*** MATERIAL FOR THE TASK Section Begins ***

lemma Eis_omega_power_mod_3: "Eis 0 (1::'a::comm_ring_1) ^ n = Eis 0 1 ^ (n mod 3)"
proof -
  have "Eis 0 (1::'a) ^ 3 = 1"
    by (simp add: numeral_3_eq_3 one_eisenstein_def Eis_mult)
  moreover have "Eis 0 (1::'a) ^ n = (Eis 0 1 ^ 3) ^ (n div 3) * Eis 0 1 ^ (n mod 3)"
    by (subst (1) div_mult_mod_eq[of n 3, symmetric]) (simp only: power_add power_mult mult.commute)
  ultimately show ?thesis
    by simp
qed

lemma Eis_power_Frobenius:
  fixes a b :: "'a::comm_ring_1"
  assumes "prime CHAR('a)" and "n = CHAR('a) ^ j" and "n mod 3 = 1"
  shows "Eis a b ^ n = Eis (a ^ n) (b ^ n)"
proof -
  have "Eis a b = Eis a 0 + Eis 0 1 * Eis b 0"
    by (simp add: Eis_mult Eis_add)
  then have "Eis a b ^ n = Eis a 0 ^ n + Eis 0 1 ^ n * Eis b 0 ^ n"
    using assms(1,2) by (simp add: freshmans_dream' power_mult_distrib)
  also have "Eis 0 (1::'a) ^ n = Eis 0 1"
    using Eis_omega_power_mod_3[of n] assms(3) by simp
  finally show ?thesis
    by (simp add: Eis_power_const Eis_mult Eis_add)
qed

lemma Eis_power_two_power_plus_one:
  fixes a b :: "'a::comm_ring_1"
  assumes "CHAR('a) = 2" and "even L"
  shows "Eis b a ^ (2 ^ L + 1) =
    Eis (b ^ 2 ^ L * b + a ^ 2 ^ L * a) (b ^ 2 ^ L * a + a ^ 2 ^ L * b + a ^ 2 ^ L * a)"
proof -
  have "(2::nat) ^ L mod 3 = 1"
    using \<open>even L\<close> by (auto elim!: evenE simp: power_mult power_mod[of 4, symmetric])
  then have "Eis b a ^ 2 ^ L = Eis (b ^ 2 ^ L) (a ^ 2 ^ L)"
    using assms(1) by (intro Eis_power_Frobenius) simp_all
  then show ?thesis
    using assms(1) by (simp add: Eis_mult minus_CHAR_2)
qed

section \<open>Finite fields\<close>

lemma CHAR_eq_if_card_eq_prime_power:
  assumes "prime p" and "card (UNIV :: 'a::{field,finite} set) = p ^ n"
  shows "CHAR('a) = p"
proof -
  have "CHAR('a) > 0"
    by (rule finite_imp_CHAR_pos) simp
  then have "prime CHAR('a)"
    by (rule prime_CHAR_semidom)
  moreover have "CHAR('a) dvd p ^ n"
    using CHAR_dvd_CARD[where 'a='a] assms(2) by simp
  ultimately have "CHAR('a) dvd p"
    by (rule prime_dvd_power)
  then show ?thesis
    using \<open>prime CHAR('a)\<close> assms(1) by (simp add: primes_dvd_imp_eq)
qed

lemma power_card_minus_one_eq_1:
  fixes x :: "'a::{field,finite}"
  assumes "x \<noteq> 0"
  shows "x ^ (card (UNIV :: 'a set) - 1) = 1"
proof -
  define G :: "'a monoid" where "G = \<lparr>carrier = UNIV - {0}, monoid.mult = (*), one = 1\<rparr>"
  interpret G: group G
  proof (rule groupI)
    show "\<exists>y\<in>carrier G. y \<otimes>\<^bsub>G\<^esub> z = \<one>\<^bsub>G\<^esub>" if "z \<in> carrier G" for z
      using that by (intro bexI[of _ "inverse z"]) (auto simp: G_def)
  qed (auto simp: G_def)
  have "x [^]\<^bsub>G\<^esub> order G = \<one>\<^bsub>G\<^esub>"
    using assms by (intro G.pow_order_eq_1) (simp add: G_def)
  moreover have "y [^]\<^bsub>G\<^esub> n = y ^ n" for y :: 'a and n
    by (induction n) (simp_all add: G_def)
  moreover have "order G = card (UNIV :: 'a set) - 1"
    by (simp add: order_def G_def card_Diff_singleton)
  moreover have "\<one>\<^bsub>G\<^esub> = 1"
    by (simp add: G_def)
  ultimately show ?thesis
    by simp
qed

lemma power_card_eq_self:
  fixes x :: "'a::{field,finite}"
  shows "x ^ card (UNIV :: 'a set) = x"
proof -
  have "card (UNIV :: 'a set) = Suc (card (UNIV :: 'a set) - 1)"
    using finite_UNIV_card_ge_0[where 'a='a] by simp
  then have "x ^ card (UNIV :: 'a set) = x * x ^ (card (UNIV :: 'a set) - 1)"
    by (metis power_Suc)
  then show ?thesis
    using power_card_minus_one_eq_1[of x] by (cases "x = 0") simp_all
qed

lemma power_card_power_eq_self:
  fixes x :: "'a::{field,finite}"
  shows "x ^ card (UNIV :: 'a set) ^ j = x"
proof (induction j)
  case (Suc j)
  then show ?case
    by (simp only: power_Suc power_mult power_card_eq_self)
qed simp

lemma power_prime_power_cong:
  fixes x :: "'a::{field,finite}"
  assumes "card (UNIV :: 'a set) = p ^ n" and "[i = j] (mod n)"
  shows "x ^ p ^ i = x ^ p ^ j"
proof -
  have reduce: "x ^ p ^ i = x ^ p ^ (i mod n)" for i
  proof -
    have "p ^ i = p ^ (i mod n) * card (UNIV :: 'a set) ^ (i div n)"
      by (simp add: assms(1) flip: power_mult power_add)
    then show ?thesis
      by (simp add: power_mult power_card_power_eq_self)
  qed
  show ?thesis
    using reduce[of i] reduce[of j] assms(2) by (simp add: cong_def)
qed

lemma card_le_Suc_if_roots_of_unity:
  assumes "m > 0" and "\<And>x::'a. x \<noteq> 0 \<Longrightarrow> x ^ m = 1"
  shows "card (UNIV :: 'a::{field,finite} set) \<le> Suc m"
proof -
  define P :: "'a poly" where "P = Polynomial.monom 1 m - 1"
  have "P \<noteq> 0"
    using \<open>m > 0\<close> by (auto simp: P_def monom_eq_1_iff)
  have "UNIV - {0} \<subseteq> {x. poly P x = 0}"
    using assms(2) by (auto simp: P_def poly_monom)
  then have "card (UNIV - {0::'a}) \<le> card {x. poly P x = 0}"
    by (intro card_mono) auto
  also have "\<dots> \<le> degree P"
    using \<open>P \<noteq> 0\<close> by (rule card_poly_roots_bound)
  also have "\<dots> \<le> m"
    unfolding P_def by (rule order.trans[OF degree_diff_le_max]) (simp add: degree_monom_eq)
  finally show ?thesis
    by (simp add: card_Diff_singleton)
qed

lemma obtain_nontrivial_root_of_unity:
  assumes "d dvd card (UNIV :: 'a set) - 1" and "d > 1"
  obtains \<zeta> :: "'a::{field,finite}" where "\<zeta> \<noteq> 1" and "\<zeta> ^ d = 1"
proof -
  obtain m where m: "card (UNIV :: 'a set) - 1 = d * m"
    using assms(1) ..
  have "card (UNIV :: 'a set) \<ge> 2"
    using card_mono[of UNIV "{0::'a, 1}"] by simp
  then have "m > 0"
    using m by (cases m) auto
  have "\<exists>\<zeta>::'a. \<zeta> \<noteq> 1 \<and> \<zeta> ^ d = 1"
  proof (rule ccontr)
    assume "\<not> ?thesis"
    then have trivial_roots: "\<zeta> = 1" if "\<zeta> ^ d = 1" for \<zeta> :: 'a
      using that by blast
    have "x ^ m = 1" if "x \<noteq> 0" for x :: 'a
    proof (rule trivial_roots)
      show "(x ^ m) ^ d = 1"
        using power_card_minus_one_eq_1[OF that, unfolded m]
        by (simp add: mult.commute flip: power_mult)
    qed
    then have "card (UNIV :: 'a set) \<le> Suc m"
      using \<open>m > 0\<close> by (intro card_le_Suc_if_roots_of_unity)
    then have "d * m \<le> 1 * m"
      using m by linarith
    then show False
      using \<open>d > 1\<close> \<open>m > 0\<close> by simp
  qed
  then show ?thesis
    using that by blast
qed

lemma obtain_power_neq_self:
  assumes "1 < n" and "n < card (UNIV :: 'a set)"
  obtains z :: "'a::{field,finite}" where "z ^ n \<noteq> z"
proof (rule ccontr)
  assume "\<not> thesis"
  then have fixed: "z ^ n = z" for z :: 'a
    using that by blast
  obtain n' where n: "n = Suc n'"
    using \<open>1 < n\<close> less_imp_Suc_add by blast
  have "x ^ (n - 1) = 1" if "x \<noteq> 0" for x :: 'a
  proof -
    have "x * x ^ n' = x * 1"
      using fixed[of x] by (simp add: n)
    then show ?thesis
      using \<open>x \<noteq> 0\<close> n by simp
  qed
  then have "card (UNIV :: 'a set) \<le> Suc (n - 1)"
    using \<open>1 < n\<close> by (intro card_le_Suc_if_roots_of_unity) simp_all
  then show False
    using assms by linarith
qed

lemma inj_Eis_power_two_power_plus_one:
  assumes "CHAR('a::{field,finite}) = 2" and "card (UNIV :: 'a set) = 2 ^ n"
    and "coprime (2 ^ (2 * n) - 1) (2 ^ L + 1 :: nat)"
  shows "inj (\<lambda>z::'a eisenstein. z ^ (2 ^ L + 1))"
proof (rule inj_power_if_coprime)
  show "z ^ Suc (2 ^ (2 * n) - 1) = z" for z :: "'a eisenstein"
  proof (cases z)
    case (Eis a b)
    have "(2::nat) ^ (2 * n) mod 3 = 1"
      by (simp add: power_mult power_mod[of 4, symmetric])
    then have "z ^ 2 ^ (2 * n) = Eis (a ^ 2 ^ (2 * n)) (b ^ 2 ^ (2 * n))"
      using assms(1) by (simp add: Eis Eis_power_Frobenius)
    moreover have "u ^ 2 ^ (2 * n) = u" for u :: 'a
      using power_card_power_eq_self[of u 2] by (simp add: assms(2) mult.commute power_mult)
    ultimately show ?thesis
      by (simp add: Eis)
  qed
  show "coprime (2 ^ L + 1) (2 ^ (2 * n) - 1 :: nat)"
    using assms(3) by (simp add: coprime_commute)
qed simp

section \<open>Frobenius and the trace\<close>

lemma Frobenius_diff:
  fixes x y :: "'a::comm_ring_1"
  assumes "prime CHAR('a)" and "n = CHAR('a) ^ j"
  shows "(x - y) ^ n = x ^ n - y ^ n"
  using freshmans_dream'[OF assms, of "x - y" y] by (simp add: algebra_simps)

lemma inj_Frobenius:
  assumes "prime CHAR('a::idom)" and "n = CHAR('a) ^ j"
  shows "inj (\<lambda>x::'a. x ^ n)"
proof (rule injI)
  fix x y :: 'a
  assume "x ^ n = y ^ n"
  then have "(x - y) ^ n = 0"
    using assms by (simp add: Frobenius_diff)
  then show "x = y"
    by simp
qed

lemma Frobenius_differences_eq:
  fixes Z Z' :: "'a::comm_ring_1"
  assumes "prime CHAR('a)" and "q = CHAR('a) ^ k" and "(Z - Z') ^ q = Z - Z'"
  shows "Z ^ q - Z = Z' ^ q - Z'" and "Z ^ q\<^sup>2 - Z ^ q = Z' ^ q\<^sup>2 - Z' ^ q"
proof -
  have "Z ^ q - Z' ^ q = Z - Z'"
    using assms by (simp add: Frobenius_diff)
  then show "Z ^ q - Z = Z' ^ q - Z'"
    by (simp add: algebra_simps)
  have "(Z - Z') ^ q\<^sup>2 = Z - Z'"
    using assms(3) by (simp add: power2_eq_square power_mult)
  then have "Z ^ q\<^sup>2 - Z' ^ q\<^sup>2 = Z ^ q - Z' ^ q"
    using assms(1,2) \<open>Z ^ q - Z' ^ q = Z - Z'\<close>
    by (simp add: Frobenius_diff[where j = "k * 2"] power_mult)
  then show "Z ^ q\<^sup>2 - Z ^ q = Z' ^ q\<^sup>2 - Z' ^ q"
    by (simp add: algebra_simps)
qed

lemma eq_if_Frobenius_difference_and_trace_eq:
  fixes x y :: "'a::idom"
  assumes "prime CHAR('a)" and "q = CHAR('a) ^ k" and "(3::'a) \<noteq> 0"
    and "x ^ q - x = y ^ q - y" and "x ^ q\<^sup>2 + x ^ q + x = y ^ q\<^sup>2 + y ^ q + y"
  shows "x = y"
proof -
  define e where "e = x - y"
  have Frobenius_q: "(u - v) ^ q = u ^ q - v ^ q" for u v :: 'a
    using assms(1,2) by (rule Frobenius_diff)
  have "e ^ q = e"
    using assms(4) by (simp add: e_def Frobenius_q algebra_simps)
  then have "e ^ q\<^sup>2 = e"
    by (simp add: power2_eq_square power_mult)
  have "e ^ q\<^sup>2 + e ^ q + e = 0"
    using assms(5) by (simp add: e_def Frobenius_q power2_eq_square power_mult algebra_simps)
  then have "3 * e = 0"
    using \<open>e ^ q = e\<close> \<open>e ^ q\<^sup>2 = e\<close> by simp
  then show ?thesis
    using assms(3) by (simp add: e_def)
qed

lemma trace_Frobenius_difference_eq_0:
  fixes x :: "'a::{field,finite}"
  assumes "prime CHAR('a)" and "q = CHAR('a) ^ k" and "card (UNIV :: 'a set) = q ^ 3"
  shows "(x ^ q - x) ^ q\<^sup>2 + (x ^ q - x) ^ q + (x ^ q - x) = 0"
proof -
  have "(u - v) ^ q = u ^ q - v ^ q" for u v :: 'a
    using assms(1,2) by (rule Frobenius_diff)
  then have "(x ^ q - x) ^ q\<^sup>2 + (x ^ q - x) ^ q + (x ^ q - x) = ((x ^ q) ^ q) ^ q - x"
    by (simp add: power2_eq_square power_mult)
  also have "((x ^ q) ^ q) ^ q = x"
    using power_card_eq_self[of x] assms(3) by (simp add: power3_eq_cube power_mult)
  finally show ?thesis
    by simp
qed

lemma Eis_power_trace_free:
  fixes a :: "'a::field"
  assumes "CHAR('a) = 2" and "Q = 2 ^ l" and "even L"
    and "\<And>u::'a. u ^ 2 ^ L = u ^ Q" and "a ^ q\<^sup>2 + a ^ q + a = 0"
  shows "Eis (a ^ q) a ^ (2 ^ L + 1) =
    Eis ((a ^ (Q + 1)) ^ q - a ^ (Q + 1)) ((a ^ (Q + 1)) ^ q\<^sup>2 - (a ^ (Q + 1)) ^ q)"
proof -
  define b where "b = a ^ q"
  have commute: "(u ^ i) ^ j = (u ^ j) ^ i" for u :: 'a and i j
    by (simp only: power_mult[symmetric] mult.commute)
  have "a ^ q\<^sup>2 = - (b + a)"
    using assms(5) by (simp only: eq_neg_iff_add_eq_0 b_def add.assoc)
  also have "\<dots> = b + a"
    using assms(1) by (rule uminus_CHAR_2)
  finally have "a ^ q\<^sup>2 = b + a" .
  have "(a ^ (Q + 1)) ^ q\<^sup>2 = (a ^ q\<^sup>2) ^ (Q + 1)"
    by (rule commute)
  also have "\<dots> = (b + a) ^ Q * (b + a)"
    by (simp only: \<open>a ^ q\<^sup>2 = b + a\<close> power_add power_one_right)
  also have "\<dots> = (b ^ Q + a ^ Q) * (b + a)"
    using assms(1,2) by (simp add: freshmans_dream')
  finally have second_power: "(a ^ (Q + 1)) ^ q\<^sup>2 = (b ^ Q + a ^ Q) * (b + a)" .
  have "(a ^ (Q + 1)) ^ q = b ^ (Q + 1)"
    unfolding b_def by (rule commute)
  then have first_power: "(a ^ (Q + 1)) ^ q = b ^ Q * b"
    by (simp only: power_add power_one_right)
  have "(a ^ (Q + 1)) ^ q - a ^ (Q + 1) = b ^ Q * b + a ^ (Q + 1)"
    unfolding first_power using assms(1) by (rule minus_CHAR_2)
  then have "(a ^ (Q + 1)) ^ q - a ^ (Q + 1) = b ^ Q * b + a ^ Q * a"
    by (simp only: power_add power_one_right)
  moreover have "(a ^ (Q + 1)) ^ q\<^sup>2 - (a ^ (Q + 1)) ^ q = b ^ Q * a + a ^ Q * b + a ^ Q * a"
    unfolding first_power second_power by (simp add: algebra_simps)
  ultimately show ?thesis
    using Eis_power_two_power_plus_one[OF assms(1,3), of b a] by (simp add: assms(4) flip: b_def)
qed

section \<open>The polynomial \<open>f5\<close>\<close>

lemma f5_eq:
  fixes x :: "'a::field"
  assumes "prime CHAR('a)" and "Q = CHAR('a) ^ l" and "R = CHAR('a) ^ m"
  shows "f5 q Q R x = (x ^ q - x) ^ (Q + 1) + (x ^ q\<^sup>2 + x ^ q + x) ^ R"
proof -
  have "(x ^ q - x) ^ (Q + 1) = ((x ^ q) ^ Q - x ^ Q) * (x ^ q - x)"
    using assms(1,2) by (simp add: Frobenius_diff)
  moreover have "(x ^ q\<^sup>2 + x ^ q + x) ^ R = (x ^ q\<^sup>2) ^ R + (x ^ q) ^ R + x ^ R"
    using assms(1,3) by (simp add: freshmans_dream')
  ultimately show ?thesis
    by (simp add: f5_def algebra_simps power_add flip: power_mult)
qed

lemma f5_mult_root_of_unity:
  fixes x \<zeta> :: "'a::field"
  assumes "prime CHAR('a)" and "Q = CHAR('a) ^ l" and "R = CHAR('a) ^ m"
    and "\<zeta> ^ q = \<zeta>" and "\<zeta> ^ (Q + 1) = 1" and "x ^ q\<^sup>2 + x ^ q + x = 0"
  shows "f5 q Q R (\<zeta> * x) = f5 q Q R x"
proof -
  have "\<zeta> ^ q\<^sup>2 = \<zeta>"
    using assms(4) by (simp add: power2_eq_square power_mult)
  then have "(\<zeta> * x) ^ q - \<zeta> * x = \<zeta> * (x ^ q - x)"
    and "(\<zeta> * x) ^ q\<^sup>2 + (\<zeta> * x) ^ q + \<zeta> * x = \<zeta> * (x ^ q\<^sup>2 + x ^ q + x)"
    using assms(4) by (simp_all add: power_mult_distrib algebra_simps)
  then show ?thesis
    using assms(1-3,5,6) by (simp add: f5_eq power_mult_distrib zero_power)
qed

*** MATERIAL FOR THE TASK Section Ends ***

DIRECTIONS FOR THIS TASK - Go through the listing above and copy each line that contains "unfolding".

RESULT -
    unfolding P_def by (rule order.trans[OF degree_diff_le_max]) (simp add: degree_monom_eq)
    unfolding b_def by (rule commute)
    unfolding first_power using assms(1) by (rule minus_CHAR_2)
    unfolding first_power second_power by (simp add: algebra_simps)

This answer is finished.